Niniejszy wpis jest pomyślany jako krótkie zagajenie dyskusji o związkach miedzy trzema pojęciami: danymi, informacją i wiedzą. Temat ten podejmowaliśmy już wcześniej, np. w ramach wpisu Informacyjna piramida, tutaj jednak wznowimy go — głównie z myślą o studentach wydziału WEiTI PW (z którymi będziemy kontynuować dyskusję na żywo, podczas zajęć filozoficznych).
Zanim przejdziemy do dyskusji warto wyjaśnić, że w odpowiednio szerokim kontekście termin „informacja” rozumie się bardzo szeroko. Nawet tak szeroko, że zarówno dane, jak i wiedzę, utożsamia się z pewnymi postaciami informacji. Dla przykładu: informacje zawarte w podręcznikach akademickich to jakaś wiedza, a informacje przechowywane w pamięci komputerów to jakieś dane.
Tutaj jednak z tak szerokiego sposobu rozumienia informacji zrezygnujemy. Będziemy próbowali tak wyostrzyć nasz język, aby mimo wszystko rozróżnić informację i wiedzę, oraz informację i dane. W konsekwencji zaś będziemy chcieli nakreślić pewien obraz związków miedzy trzema wymienionymi pojęciami.
Informację tak zinterpretowaną umieścimy dodatkowo w kontekście czynności poznawczych ludzkiego umysłu. Będziemy zatem rozumieć ją jako coś, co gromadzą, przetwarzają i wykorzystują indywidualne umysły. (Co nie znaczy, że w dyskusji nie będziemy mogli wyjsć poza kontekst psychologiczny, np. w stronę komputerów!)

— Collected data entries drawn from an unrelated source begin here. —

lemma expectation_sum_pauli4:
  defines "d \<equiv> real CARD('n \<Rightarrow> bool)"
  shows "(\<Sum>ps\<in>UNIV. expectation (\<lambda>w. Re (qform (pauli_string ps) w) ^ 4)) = 4 * d / (d + 3)"
proof -
  define c where "c = 3 / ((d + 1) * (d + 3))"
  have "(\<Sum>ps\<in>UNIV. expectation (\<lambda>w. Re (qform (pauli_string ps) w) ^ 4))
      = (\<Sum>ps :: 'n \<Rightarrow> pauli \<in> UNIV. c + (if ps = (\<lambda>_. PI) then 1 - c else 0))"
    by (intro sum.cong) (auto simp: expectation_pauli4 c_def d_def)
  also have "\<dots> = real CARD('n \<Rightarrow> pauli) * c + (1 - c)"
    by (simp add: sum.distrib)
  also have "real CARD('n \<Rightarrow> pauli) = d\<^sup>2"
    by (simp add: d_def card_fun UNIV_pauli power2_eq_square flip: power_mult_distrib)
  also have "d\<^sup>2 * c + (1 - c) = 4 * d / (d + 3)"
  proof -
    have "d > 0" by (simp add: d_def)
    then show ?thesis by (simp add: c_def divide_simps) algebra
  qed
  finally show ?thesis .
qed

end

definition pauli_purity :: "'n::finite qvec \<Rightarrow> real" where
  "pauli_purity w = (1 / real (qdim TYPE('n))) * (\<Sum>s\<in>UNIV. Re (qform (pauli_string s) w) ^ 4)"

lemma qdim_eq_card: "qdim TYPE('n::finite) = CARD('n \<Rightarrow> bool)"
  by (simp add: qdim_def card_fun)

lemma Mlin_proj: "Mlin (proj w) = 1 - pauli_purity w"
  by (simp add: Mlin_def pauli_purity_def pauli_exp_def tr_mult_proj)

lemma M2_proj: "M2 (proj w) = - log 2 (pauli_purity w)"
  by (simp add: M2_def pauli_purity_def pauli_exp_def tr_mult_proj)

lemma continuous_on_pauli_purity [continuous_intros]: "continuous_on A pauli_purity"
  unfolding pauli_purity_def by (intro continuous_intros)

lemma pauli_purity_ge:
  fixes w :: "'n::finite qvec"
  assumes "norm w = 1"
  shows "pauli_purity w \<ge> 1 / real CARD('n \<Rightarrow> bool)"
proof -
  have "1 = Re (qform (pauli_string (\<lambda>_. PI)) w) ^ 4"
    using assms by (simp add: pauli_string_PI qform_one)
  also have "\<dots> \<le> (\<Sum>s\<in>UNIV. Re (qform (pauli_string s) w) ^ 4)"
    by (rule member_le_sum) auto
  finally show ?thesis
    by (simp add: pauli_purity_def qdim_eq_card divide_right_mono)
qed

lemma pauli_purity_pos: "norm w = 1 \<Longrightarrow> pauli_purity w > 0"
  by (rule less_le_trans[OF _ pauli_purity_ge]) simp_all

context unitarily_invariant
begin

lemma expectation_pauli_purity:
  "expectation pauli_purity = 4 / (real CARD('n \<Rightarrow> bool) + 3)"
  unfolding pauli_purity_def qdim_eq_card
  by (subst integral_mult_right_zero, subst expectation_sum)
    (auto simp: expectation_sum_pauli4 intro!: continuous_intros)
lemma foata_word_eq_concat: "foata_word L s = concat (cycle_blocks L s)"
  unfolding foata_word_def cycle_blocks_def ..

lemma map_hd_cycle_blocks:
  "permutation s \<Longrightarrow> map hd (cycle_blocks L s) = sorted_list_of_set (cyc_heads L s)"
  unfolding cycle_blocks_def by (simp add: cyc_word_hd map_idI)

lemma foata_blocks_cycle_blocks:
  assumes "s permutes {1..L}" shows "foata_blocks (cycle_blocks L s)"
proof -
  have \<pi>: "permutation s" using permutes_imp_permutation[OF _ assms] by simp
  show ?thesis unfolding foata_blocks_def map_hd_cycle_blocks[OF \<pi>]
    using cyc_word_hd[OF \<pi>] cyc_word_tl_less_head[OF assms] finite_cyc_heads
    by (auto simp: cycle_blocks_def)
qed

lemma set_foata_word:
  assumes "s permutes {1..L}" shows "set (foata_word L s) = {1..L}"
proof -
  have \<pi>: "permutation s" using permutes_imp_permutation[OF _ assms] by simp
  have "set (foata_word L s) = (\<Union>h\<in>cyc_heads L s. cyc_elems s h)"
    unfolding foata_word_def using finite_cyc_heads set_cyc_word[OF \<pi>] by auto
  also have "\<dots> = {1..L}"
    using cyc_elems_subset[OF assms] cyc_heads_cover[OF assms]
    by (fastforce simp: cyc_heads_def)
  finally show ?thesis .
qed

lemma distinct_foata_word:
  assumes "s permutes {1..L}" shows "distinct (foata_word L s)"
  unfolding foata_word_def
proof (rule distinct_concat)
  have \<pi>: "permutation s" using permutes_imp_permutation[OF _ assms] by simp
  let ?hs = "sorted_list_of_set (cyc_heads L s)"
  have "inj_on (cyc_word s) (set ?hs)" by (rule inj_onI) (metis cyc_word_hd(2)[OF \<pi>])
  thus "distinct (map (cyc_word s) ?hs)" by (simp add: distinct_map)
  show "\<And>ys. ys \<in> set (map (cyc_word s) ?hs) \<Longrightarrow> distinct ys"
    using cyc_word_distinct[OF \<pi>] by auto
  fix ys zs assume "ys \<in> set (map (cyc_word s) ?hs)" "zs \<in> set (map (cyc_word s) ?hs)" "ys \<noteq> zs"
  then obtain h h' where "ys = cyc_word s h" "zs = cyc_word s h'" "h \<noteq> h'"
    "h \<in> cyc_heads L s" "h' \<in> cyc_heads L s"
    using finite_cyc_heads by auto
  thus "set ys \<inter> set zs = {}" using cyc_heads_disjoint[OF \<pi>] set_cyc_word[OF \<pi>] by simp
qed

lemma length_foata_word:
  "s permutes {1..L} \<Longrightarrow> length (foata_word L s) = L"
  using distinct_card[OF distinct_foata_word] set_foata_word by fastforce

lemma map_foata_upt:
  assumes "s permutes {1..L}" shows "map (foata L s) [1..<L+1] = foata_word L s"
  by (rule nth_equalityI) (simp_all add: foata_def length_foata_word[OF assms] del: upt_Suc)

lemma foata_permutes:
  assumes "s permutes {1..L}" shows "foata L s permutes {1..L}"
proof (rule bij_imp_permutes)
  show "\<And>x. x \<notin> {1..L} \<Longrightarrow> foata L s x = x" unfolding foata_def by auto
  have "bij_betw (\<lambda>i. foata_word L s ! i) {..<L} {1..L}"
    using bij_betw_nth[OF distinct_foata_word[OF assms]] length_foata_word[OF assms]
      set_foata_word[OF assms] by (metis lessThan_atLeast0)
  moreover have "bij_betw (\<lambda>i. i - 1) {1..L} {..<L}"
    by (rule bij_betw_byWitness[where f' = Suc]) auto
  ultimately have "bij_betw ((\<lambda>i. foata_word L s ! i) \<circ> (\<lambda>i. i - 1)) {1..L} {1..L}"
    by (rule bij_betw_trans[rotated])
  thus "bij_betw (foata L s) {1..L} {1..L}"
    by (rule bij_betw_cong[THEN iffD1, rotated]) (simp add: foata_def)
qed

lemma eq_on_cyc_word:
  assumes "permutation s" "permutation s'" "cyc_word s h = cyc_word s' h" "x \<in> set (cyc_word s h)"
  shows "s x = s' x"
proof -
  obtain r where r: "r < cyc_len s h" "x = cyc_word s h ! r"
    using assms(4) by (auto simp: in_set_conv_nth)
  have "cyc_len s' h = cyc_len s h" using arg_cong[OF assms(3), of length] by simp
  thus ?thesis using cyc_word_next[OF assms(1) r(1)] cyc_word_next[of s' r h] assms(2,3) r by simp
qed

lemma foata_word_inj:
  assumes s: "s permutes {1..L}" and s': "s' permutes {1..L}"
    and eq: "foata_word L s = foata_word L s'"
  shows "s = s'"
proof
  have \<pi>: "permutation s" "permutation s'" using permutes_imp_permutation s s' by auto
  have blocks: "cycle_blocks L s = cycle_blocks L s'"
    using foata_blocks_concat_inj[OF foata_blocks_cycle_blocks[OF s] foata_blocks_cycle_blocks[OF s']]
      eq by (simp add: foata_word_eq_concat)
  hence heads: "sorted_list_of_set (cyc_heads L s) = sorted_list_of_set (cyc_heads L s')"
    using map_hd_cycle_blocks \<pi> by metis
  hence "cyc_heads L s = cyc_heads L s'"
    using finite_cyc_heads by (metis sorted_list_of_set.set_sorted_key_list_of_set)
  hence words: "cyc_word s h = cyc_word s' h" if "h \<in> cyc_heads L s" for h
    using blocks heads that finite_cyc_heads by (auto simp: cycle_blocks_def map_eq_conv)
  fix x show "s x = s' x"
  proof (cases "x \<in> {1..L}")
    case True
    then obtain h where "h \<in> cyc_heads L s" "x \<in> cyc_elems s h" using cyc_heads_cover[OF s] by blast
    thus ?thesis using eq_on_cyc_word[OF \<pi>] words set_cyc_word[OF \<pi>(1)] by blast
  qed (simp add: permutes_not_in[OF s] permutes_not_in[OF s'])
qed

lemma bij_betw_foata: "bij_betw (foata L) (perms L) (perms L)"
proof -
  have maps: "foata L ` perms L \<subseteq> perms L" using foata_permutes by (auto simp: perms_def)
  have "inj_on (foata L) (perms L)"
    using foata_word_inj map_foata_upt by (intro inj_onI) (metis mem_Collect_eq perms_def)
  moreover have "finite (perms L)" by (simp add: perms_def finite_permutations)
  ultimately show ?thesis using endo_inj_surj maps by (simp add: bij_betw_def)
qed

lemma setA_iff_no_window:
  assumes "s permutes {1..L}"
  shows "s \<in> setA b L \<longleftrightarrow> \<not> has_dominated_window b (foata_word L s)"
proof -
  have \<pi>: "permutation s" using permutes_imp_permutation[OF _ assms] by simp
  have "s \<in> setA b L \<longleftrightarrow> (\<forall>c\<in>{1..L}. cyc_len s c \<le> b)"
    using assms by (simp add: setA_def perms_def)
  also have "\<dots> \<longleftrightarrow> (\<forall>h\<in>cyc_heads L s. cyc_len s h \<le> b)"
  proof
    assume "\<forall>h\<in>cyc_heads L s. cyc_len s h \<le> b"
    thus "\<forall>c\<in>{1..L}. cyc_len s c \<le> b"
      using cyc_heads_cover[OF assms] cyc_len_cyc_elems[OF \<pi>] by metis
  qed (simp add: cyc_heads_def)
  also have "\<dots> \<longleftrightarrow> (\<forall>B\<in>set (cycle_blocks L s). length B \<le> b)"
    using finite_cyc_heads by (simp add: cycle_blocks_def)
  also have "\<dots> \<longleftrightarrow> \<not> has_dominated_window b (foata_word L s)"
    using foata_blocks_window_iff[OF foata_blocks_cycle_blocks[OF assms]]
    by (auto simp: foata_word_eq_concat not_le)
  finally show ?thesis .
qed

definition reflect :: "nat \<Rightarrow> nat \<Rightarrow> nat" where
  "reflect L i = (if i \<in> {1..L} then L + 1 - i else i)"

lemma reflect_reflect [simp]: "reflect L (reflect L i) = i"
  unfolding reflect_def by auto

lemma reflect_permutes: "reflect L permutes {1..L}"
  by (rule bij_imp_permutes, rule bij_betw_byWitness[where f' = "reflect L"])
    (auto simp: reflect_def)

lemma tilde_eq_reflect_conj:
  assumes "u permutes {1..L}" shows "tilde L u = reflect L \<circ> u \<circ> reflect L"
proof
  fix i show "tilde L u i = (reflect L \<circ> u \<circ> reflect L) i"
    using permutes_in_image[OF assms, of "L + 1 - i"] permutes_not_in[OF assms, of i]
    by (auto simp: tilde_def reflect_def)
qed

lemma tilde_permutes:
  assumes "u permutes {1..L}" shows "tilde L u permutes {1..L}"
  unfolding tilde_eq_reflect_conj[OF assms] by (intro permutes_compose reflect_permutes assms)

lemma tilde_tilde:
  assumes "u permutes {1..L}" shows "tilde L (tilde L u) = u"
proof -
  have "tilde L (tilde L u) = reflect L \<circ> tilde L u \<circ> reflect L"
    by (rule tilde_eq_reflect_conj[OF tilde_permutes[OF assms]])
  also have "\<dots> = u" by (simp add: tilde_eq_reflect_conj[OF assms] fun_eq_iff)
  finally show ?thesis .
qed

lemma bij_betw_tilde: "bij_betw (tilde L) (perms L) (perms L)"
  by (rule bij_betw_byWitness[where f' = "tilde L"])
    (use tilde_tilde tilde_permutes in \<open>auto simp: perms_def\<close>)

lemma tilde_less_iff:
  assumes "u permutes {1..L}" "i \<in> {1..L}" "i' \<in> {1..L}"
  shows "tilde L u i < tilde L u i' \<longleftrightarrow> u (L + 1 - i') < u (L + 1 - i)"
proof -
  have "L + 1 - i \<in> {1..L}" "L + 1 - i' \<in> {1..L}" using assms(2,3) by auto
  hence "u (L + 1 - i) \<le> L" "u (L + 1 - i') \<le> L"
    using permutes_in_image[OF assms(1)] by (meson atLeastAtMost_iff)+
  moreover have "tilde L u i = L + 1 - u (L + 1 - i)" "tilde L u i' = L + 1 - u (L + 1 - i')"
    using assms(2,3) by (simp_all add: tilde_def)
  ultimately show ?thesis by linarith
qed

lemma tilde_pattern_iff_window:
  assumes "u permutes {1..L}"
  shows "(\<exists>i j. j + b < i \<and> i \<le> L \<and> (\<forall>k\<in>{1..b}. tilde L u (j + k) > tilde L u i))
    \<longleftrightarrow> has_dominated_window b (map u [1..<L+1])"
proof -
  define w where "w = map u [1..<L+1]"
  have len: "length w = L" by (simp add: w_def del: upt_Suc)
  have w_nth: "w ! m = u (Suc m)" if "m < L" for m
    using that by (simp add: w_def del: upt_Suc)
  have "(\<exists>i j. j + b < i \<and> i \<le> L \<and> (\<forall>k\<in>{1..b}. tilde L u (j + k) > tilde L u i))
      \<longleftrightarrow> has_dominated_window b w"
    unfolding has_dominated_window_def
  proof safe
    fix i j assume ij: "j + b < i" "i \<le> L" "\<forall>k\<in>{1..b}. tilde L u (j + k) > tilde L u i"
    have "w ! (L - j - b + k) < w ! (L - i)" if "k < b" for k
    proof -
      have "b - k \<in> {1..b}" "i \<in> {1..L}" "j + (b - k) \<in> {1..L}" using ij that by auto
      hence "u (L + 1 - (j + (b - k))) < u (L + 1 - i)"
        using ij(3) tilde_less_iff[OF assms] by blast
      moreover have "L + 1 - (j + (b - k)) = Suc (L - j - b + k)" "L + 1 - i = Suc (L - i)"
        using ij that by auto
      moreover have "w ! (L - j - b + k) = u (Suc (L - j - b + k))" "w ! (L - i) = u (Suc (L - i))"
        using w_nth ij that by auto
      ultimately show ?thesis by metis
    qed
    thus "\<exists>p q. p < q \<and> q + b \<le> length w \<and> (\<forall>k<b. w ! (q + k) < w ! p)"
      using ij by (intro exI[of _ "L - i"] exI[of _ "L - j - b"]) (simp add: len)
  next
    fix p q assume pq: "p < q" "q + b \<le> length w" "\<forall>k<b. w ! (q + k) < w ! p"
    have "tilde L u (L - q - b + k) > tilde L u (L - p)" if "k \<in> {1..b}" for k
    proof -
      have "b - k < b" using that by simp
      hence "w ! (q + (b - k)) < w ! p" using pq(3) by blast
      moreover have "w ! (q + (b - k)) = u (Suc (q + (b - k)))" "w ! p = u (Suc p)"
        using w_nth pq that len by auto
      moreover have "L + 1 - (L - q - b + k) = Suc (q + (b - k))" "L + 1 - (L - p) = Suc p"
        using pq that len by auto
      moreover have "L - p \<in> {1..L}" "L - q - b + k \<in> {1..L}" using pq that len by auto
      ultimately show ?thesis using tilde_less_iff[OF assms] by metis
    qed
    thus "\<exists>i j. j + b < i \<and> i \<le> L \<and> (\<forall>k\<in>{1..b}. tilde L u (j + k) > tilde L u i)"
      using pq by (intro exI[of _ "L - p"] exI[of _ "L - q - b"]) (simp add: len)
  qed
  thus ?thesis unfolding w_def .
qed
(* Let $(q_{i,j})_{i,j\in\mathbb Z^{\geq 0}}$ be the array defined greedily by $q_{i,j}=\operatorname{mex}(\{q_{i,k}+q_{l,j}-q_{l,k}\mid 0\leq l<i,\ 0\leq k<j\}\cap\mathbb Z^{\geq 0})$, so that $q_{0,j}=0$ and $q_{1,j}=j$. Put $q_j=q_{2,j}$, and for $j\in\mathbb Z^{\geq 0}$ let $S_j=\{q_{2,k}+q_{l,j}-q_{l,k}\mid 0\le l<2,\ 0\le k<j\}\cap\mathbb Z^{\ge 0}$ (so $q_j=\operatorname{mex}(S_j)$), $U_j=\{q_k\mid 0\leq k<j\}$ and $W_j=\{q_k+j-k\mid 0\leq k<j\}$. For $j\in\mathbb N$ let $n(j)=\max\{k\mid\{0,1,\dots,k\}\subseteq U_j\}$, write $U_j=\{0,1,\dots,n(j),z_{j,1},\dots,z_{j,j-n(j)-1}\}$ with $n(j)+2\le z_{j,1}<\dots<z_{j,j-n(j)-1}$, and let $m(j)=\lfloor\varphi j\rfloor-j+1$. Then for every $j\in\mathbb Z^{\geq 0}$: (i) if $j\geq1$, $W_j=\{m(j),m(j)+1,\dots,\lfloor\varphi j\rfloor\}$; (ii) if $j\geq1$, $z_{j,i}=b(k_j+i-1)$ for all $i\in\{1,\dots,j-n(j)-1\}$, where $k_j$ is the least natural number with $b(k_j)>n(j)$; (iii) if $j\geq1$ and $j\in T_1$, then $n(j)=m(j)-2$; (iv) if $j\geq1$ and $j\in T_2$, then $n(j)=m(j)-1$; (v) if $j\ge1$ and $j\in T_3$, then $n(j)=m(j)$; (vi) $S_j=\emptyset$ if $j=0$; $S_j=\{0,1,\dots,\lfloor\varphi j\rfloor\}$ if $j\in A$; $S_j=\{0,1,\dots,\lfloor\varphi j\rfloor\}\setminus\{\lfloor(\varphi-1)j\rfloor\}$ if $j\in B$; (vii) $q_j=0$ if $j=0$; $q_j=\lfloor\varphi j\rfloor+1$ if $j\in A$; $q_j=\lfloor(\varphi-1)j\rfloor$ if $j\in B$.
   Context: $\mathbb N=\{1,2,\dots\}$, $\mathbb Z^{\ge0}=\{0,1,2,\dots\}$, $\varphi=\frac{1+\sqrt5}{2}$, $a(n)=\lfloor n\varphi\rfloor$, $b(n)=\lfloor n\varphi^2\rfloor$, $A=\{a(n)\mid n\in\mathbb N\}$, $B=\{b(n)\mid n\in\mathbb N\}$. $T_1=\{b(n)\mid n\in\mathbb N\}$, $T_2=\{b(n)-1\mid n\in\mathbb N\}$, $T_3=\{2a(n)+n\mid n\in\mathbb N\}$. For $X\subseteq\mathbb Z^{\ge0}$, $\operatorname{mex}(X)=\min(\mathbb Z^{\ge0}\setminus X)$. *)

theory Defs
  imports Complex_Main
begin

definition mex :: "int set \<Rightarrow> int" where
  "mex X = int (LEAST n::nat. int n \<notin> X)"

function qarr :: "nat \<Rightarrow> nat \<Rightarrow> int" where
  "qarr i j = mex ((\<lambda>(l,k). qarr i k + qarr l j - qarr l k) ` ({..<i} \<times> {..<j}) \<inter> {0..})"
  by auto
termination
  by (relation "measure (\<lambda>(i,j). i + j)") auto

definition phi :: real where "phi = (1 + sqrt 5) / 2"

definition a :: "nat \<Rightarrow> nat" where "a n = nat \<lfloor>real n * phi\<rfloor>"
definition b :: "nat \<Rightarrow> nat" where "b n = nat \<lfloor>real n * phi ^ 2\<rfloor>"

definition A :: "nat set" where "A = {a n | n. n \<ge> 1}"
definition B :: "nat set" where "B = {b n | n. n \<ge> 1}"
definition T1 :: "nat set" where "T1 = {b n | n. n \<ge> 1}"
definition T2 :: "nat set" where "T2 = {b n - 1 | n. n \<ge> 1}"
definition T3 :: "nat set" where "T3 = {2 * a n + n | n. n \<ge> 1}"

definition qq :: "nat \<Rightarrow> int" where "qq j = qarr 2 j"

definition S :: "nat \<Rightarrow> int set" where
  "S j = {qarr 2 k + qarr l j - qarr l k | l k. l < 2 \<and> k < j} \<inter> {0..}"

definition U :: "nat \<Rightarrow> int set" where
  "U j = {qq k | k. k < j}"

definition W :: "nat \<Rightarrow> int set" where
  "W j = {qq k + int j - int k | k. k < j}"

definition nn :: "nat \<Rightarrow> int" where
  "nn j = Max {k::int. 0 \<le> k \<and> {0..k} \<subseteq> U j}"

definition zlist :: "nat \<Rightarrow> int list" where
  "zlist j = sorted_list_of_set (U j - {0..nn j})"

definition z :: "nat \<Rightarrow> nat \<Rightarrow> int" where
  "z j i = zlist j ! (i - 1)"

definition m :: "nat \<Rightarrow> int" where
  "m j = int (a j) - int j + 1"

definition kk :: "nat \<Rightarrow> nat" where
  "kk j = (LEAST k. k \<ge> 1 \<and> int (b k) > nn j)"

end

theory Submission
  imports Defs "HOL-Computational_Algebra.Primes"
begin

(* The second row of the array is the Wythoff involution: q_j = partner j, where partner
   exchanges a n and b n and fixes 0.  Suppose q_k = partner k for all k < j.  Beatty counting
   (a n < j iff n <= a j - j, and b n < j iff n <= 2 j - a j - 1) gives
   U_j = {0} \<union> b{1..a j - j} \<union> a{1..2 j - a j - 1} and W_j = {a j - j + 1..a j}.
   The least number missing from U_j is hole j = min (a (2 j - a j)) (b (a j - j + 1)).  It exceeds
   a j - j when j is in A and equals a j - j when j is in B, so S_j is {0..a j}, with a j - j
   removed in the second case, and its mex is partner j.  Moreover n(j) = hole j - 1, and every
   element of U_j above the hole is a b-value: this gives the z_{j,i} and n(j) on T1, T2 and T3. *)

section \<open>Beatty sequences of the golden ratio\<close>

lemma square_eq_five_times_square: "(d::nat)^2 = 5 * k^2 \<Longrightarrow> k = 0"
proof (induction k arbitrary: d rule: less_induct)
  case (less k)
  show ?case
  proof (rule ccontr)
    assume "k \<noteq> 0"
    have five: "prime (5::nat)" by simp
    have "5 dvd d" using less.prems prime_dvd_power[OF five, of d 2] by simp
    then obtain e where e: "d = 5 * e" ..
    then have "k^2 = 5 * e^2" using less.prems by (simp add: power_mult_distrib)
    then have "5 dvd k" using prime_dvd_power[OF five, of k 2] by simp
    then obtain f where f: "k = 5 * f" ..
    have "e^2 = 5 * f^2" using \<open>k^2 = 5 * e^2\<close> f by (simp add: power_mult_distrib)
    then have "f = 0" using less.IH[of f] f \<open>k \<noteq> 0\<close> by simp
    then show False using f \<open>k \<noteq> 0\<close> by simp
  qed
qed

lemma phi_squared: "phi^2 = phi + 1"
  unfolding phi_def by (simp add: power2_eq_square algebra_simps)

lemma phi_bounds: "1.6 < phi" "phi < 1.7"
proof -
  have "2.2 < sqrt 5" by (rule real_less_rsqrt) (simp add: power2_eq_square)
  moreover have "sqrt 5 < 2.4" by (rule real_less_lsqrt) (auto simp: power2_eq_square)
  ultimately show "1.6 < phi" "phi < 1.7" unfolding phi_def by auto
qed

Intencje powyższe dobrze oddaje fragment szerszego TEKSTU, który proponuję uznać (i fragment, i cały tekst) za punt wyjścia dalszej dyskusji.
Oto ten fragment:
Z przyjętym tutaj rozumieniem przetwarzanych przez umysł informacji łączy się pewien metaforyczny obraz, który potraktuję dalej jako punkt wyjścia do omówienia związków między sferą informacji/wiedzy a sferą wartości. Obraz ten będę określał mianem informacyjnej piramidy.
Informacyjna piramida składa się z trzech poziomów, których układ odpowiada następującej obserwacji: przetwarzane przez umysł informacje są, z jednej strony, w określony sposób kodowane, a z drugiej strony, mogą stać się podstawą lub elementem podmiotowej wiedzy.
Zgodnie z tą obserwacją na najniższym poziomie piramidy sytuują się dane, czyli pewne niezinterpretowane łańcuchy symboli określonego kodu; nad nimi górują informacje, czyli dane zinterpretowane, wplecione jakoś w ludzką świadomość i mające określony sens; na informacjach z kolei nabudowuje się poziom wiedzy – czyli ogółu informacji zweryfikowanych przez podmiot, a więc dostatecznie dobrze dlań uzasadnionych.
Piramida obejmuje zatem trzy poziomy – I. dane, II. informację i III. wiedzę – które wspierają się na twardym gruncie faktów, a więc tego, co dzieje się w otaczającym naszą konstrukcję świecie. Wejście na poziom I. zapewnia zdolność rozpoznawania czysto fizycznych regularności w świecie (które są odzwierciedlane w danych); do przejścia z poziomu I. na poziom II. jest niezbędna czynność interpretowania (danych); zaś z poziomu II. na III. – czynność weryfikacji czy też uzasadniania prawdziwości pozyskiwanych informacji.
Zauważyć trzeba, że granice między poszczególnymi segmentami piramidy pozostają rozmyte – choć dla potrzeb naszego wywodu warto je wyostrzyć. Na przykład: informacje pretendujące do roli wiedzy mogą być w różnym stopniu weryfikowane (wiele z nich sytuuje się zatem gdzieś pomiędzy czystą informacją a czystą wiedza), zaś o każdej danej powiedzieć można, że niesie ze sobą pewną informację (choćby taką, która wskazuje sposób jej automatycznego przetworzenia).
Przechodząc zatem do dyskusji….
Jak rozumiecie Państwo relacje w trójkącie <dane, informacja, wiedza>?
Co jest tu najważniejsze?
Co sprawia, że dane mogą przeobrazić się w informację, a ta ostatnia w wiedzę?
A może nasze trójczłonowe rozróżnienie trzeba jeszcze bardziej wysubtelnić i wprowadzić dodatkowe poziomy piramidy?
(…)
Serdecznie zapraszam do dyskusji – Paweł Stacewicz.